Big upfront advertisers often get better private marketplace deals and the premium content they’re seeking on CTV, Metz said. If marketers didn’t lock in more flexible options around media placements for CTV, they could feel the pinch. Brands that didn’t secure any upfront deals or programmatic guarantees may be forced to buy a lot of display programmatically because they can’t afford expensive CTV inventory.
“How much are you willing to pay? Did you lock in beneficial rates via your upfront deals? How strategic were you about being able to move deals fluidly and manage them holistically?” Metz said, naming factors that affect how brands will fare in accessing CTV inventory. “The deeper you've gone in your partnerships with the network programmers, the more likely you are to be successful this Q4.”
The optimist camp
While Q4 could be tight, if a streaming service acquires viewers beyond what they projected, they may have more ad inventory to sell.
The increase in the number of new AVOD services like Peacock, Paramount Plus and HBO Max could be positive news for the programmatic marketplace in Q4, because more inventory might be available “that wasn’t planned for,” Metz said.

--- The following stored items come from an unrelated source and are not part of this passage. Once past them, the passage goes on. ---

lemma (in prob_space) integral_exp_neg_increment_le:
  fixes X Y :: "'a \<Rightarrow> real" and l B :: real
  assumes [measurable]: "X \<in> borel_measurable M" "Y \<in> borel_measurable M"
    and X_nonneg: "\<And>\<omega>. \<omega> \<in> space M \<Longrightarrow> 0 \<le> X \<omega>"
    and increment: "AE \<omega> in M. 0 \<le> Y \<omega> - X \<omega> \<and> Y \<omega> - X \<omega> \<le> B"
    and l: "0 \<le> l"
    and drift: "(\<integral>\<omega>. exp (- l * X \<omega>) \<partial>M) \<le> (\<integral>\<omega>. exp (- l * X \<omega>) * (Y \<omega> - X \<omega>) \<partial>M)"
  shows "(\<integral>\<omega>. exp (- l * Y \<omega>) \<partial>M) \<le> (1 - l + (l * B)\<^sup>2 / 2) * (\<integral>\<omega>. exp (- l * X \<omega>) \<partial>M)"
proof -
  define G where "G \<omega> = exp (- l * X \<omega>)" for \<omega>
  define D where "D \<omega> = Y \<omega> - X \<omega>" for \<omega>
  have [measurable]: "G \<in> borel_measurable M" "D \<in> borel_measurable M"
    unfolding G_def D_def by measurable
  have G_bounds: "0 < G \<omega>" "G \<omega> \<le> 1" if "\<omega> \<in> space M" for \<omega>
    using X_nonneg[OF that] l by (auto simp: G_def mult_nonneg_nonneg)
  have bounds: "AE \<omega> in M. norm (G \<omega>) \<le> 1 \<and> norm (G \<omega> * D \<omega>) \<le> B \<and> norm (exp (- l * Y \<omega>)) \<le> 1"
    using increment AE_space
  proof eventually_elim
    case (elim \<omega>)
    then have "G \<omega> * D \<omega> \<le> D \<omega>"
      using G_bounds[OF elim(2)] by (intro mult_left_le_one_le) (auto simp: D_def)
    then show ?case
      using elim G_bounds[OF elim(2)] X_nonneg[OF elim(2)] l by (simp add: D_def abs_mult mult_nonneg_nonneg)
  qed
  have int_G: "integrable M G"
    using bounds by (intro integrable_const_bound[where B = 1]) (auto elim: eventually_mono)
  have int_GD: "integrable M (\<lambda>\<omega>. G \<omega> * D \<omega>)"
    using bounds by (intro integrable_const_bound[where B = B]) (auto elim: eventually_mono)
  have int_Y: "integrable M (\<lambda>\<omega>. exp (- l * Y \<omega>))"
    using bounds by (intro integrable_const_bound[where B = 1]) (auto elim: eventually_mono simp del: exp_le_one_iff)
  have "AE \<omega> in M. exp (- l * Y \<omega>) \<le> (1 + (l * B)\<^sup>2 / 2) * G \<omega> - l * (G \<omega> * D \<omega>)"
    using increment
    by (rule eventually_mono) (use exp_neg_increment_le l in \<open>force simp: G_def D_def algebra_simps\<close>)
  then have "(\<integral>\<omega>. exp (- l * Y \<omega>) \<partial>M) \<le> (\<integral>\<omega>. (1 + (l * B)\<^sup>2 / 2) * G \<omega> - l * (G \<omega> * D \<omega>) \<partial>M)"
    using int_Y int_G int_GD by (intro integral_mono_AE) auto
  also have "\<dots> = (1 + (l * B)\<^sup>2 / 2) * (\<integral>\<omega>. G \<omega> \<partial>M) - l * (\<integral>\<omega>. G \<omega> * D \<omega> \<partial>M)"
    using int_G int_GD by simp
  also have "\<dots> \<le> (1 - l + (l * B)\<^sup>2 / 2) * (\<integral>\<omega>. G \<omega> \<partial>M)"
    using mult_left_mono[OF drift l] by (simp add: G_def D_def algebra_simps)
  finally show ?thesis
    by (simp add: G_def)
qed

lemma ennreal_square_le_suminf_tail_of_below:
  fixes t :: ennreal and h :: real
  assumes below: "\<And>n. n < k \<Longrightarrow> ennreal (h * real n) < t"
  shows "ennreal ((h * real k)\<^sup>2) \<le> (\<Sum>n. ennreal (h\<^sup>2 * (2 * real n + 1)) * indicator {ennreal (h * real n)<..} t)"
proof -
  have "(h * real k)\<^sup>2 = (\<Sum>n<k. h\<^sup>2 * (2 * real n + 1))"
    by (simp add: sum_distrib_left[symmetric] sum_odd_eq_square power_mult_distrib)
  then have "ennreal ((h * real k)\<^sup>2) = (\<Sum>n<k. ennreal (h\<^sup>2 * (2 * real n + 1)))"
    by (simp add: sum_ennreal)
  also have "\<dots> = (\<Sum>n<k. ennreal (h\<^sup>2 * (2 * real n + 1)) * indicator {ennreal (h * real n)<..} t)"
    using below by (intro sum.cong) auto
  also have "\<dots> \<le> (\<Sum>n. ennreal (h\<^sup>2 * (2 * real n + 1)) * indicator {ennreal (h * real n)<..} t)"
    by (rule sum_le_suminf) auto
  finally show ?thesis .
qed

And don’t discount creativity. While ad loads are lower, programmers can also concoct new types of ad units. “The shift to AVOD will force services to rethink the ways in which they deliver ads so they don’t need to sacrifice inventory for viewership,” Anthony Capano, North American managing director of Rakuten Advertising said, citing Hulu’s pause ads.
If CTV inventory will be tight, it may not affect the biggest players who often have early dibs on inventory due to their large buying power.
While there are typically some inventory constraints during Q4 due to increased demand, “we haven’t heard any concerns by our CTV publishers around lack of inventory,” said Esra Bacher, GroupM’s programmatic investment lead.
GroupM worked to lock in flexible upfront deals for clients. Programmatic deals will run in private marketplaces as opposed to open exchanges, Bacher said.
“We're buying from the networks directly and not looking to open exchange or curated deals to source supply,” she said, a move that insulates it from some of the programmatic supply shortages. “We're creating closer connections with the networks to ensure that we’re able to secure supply in a more upfront-like way, but still get the ads to the viewers via programmatic execution.”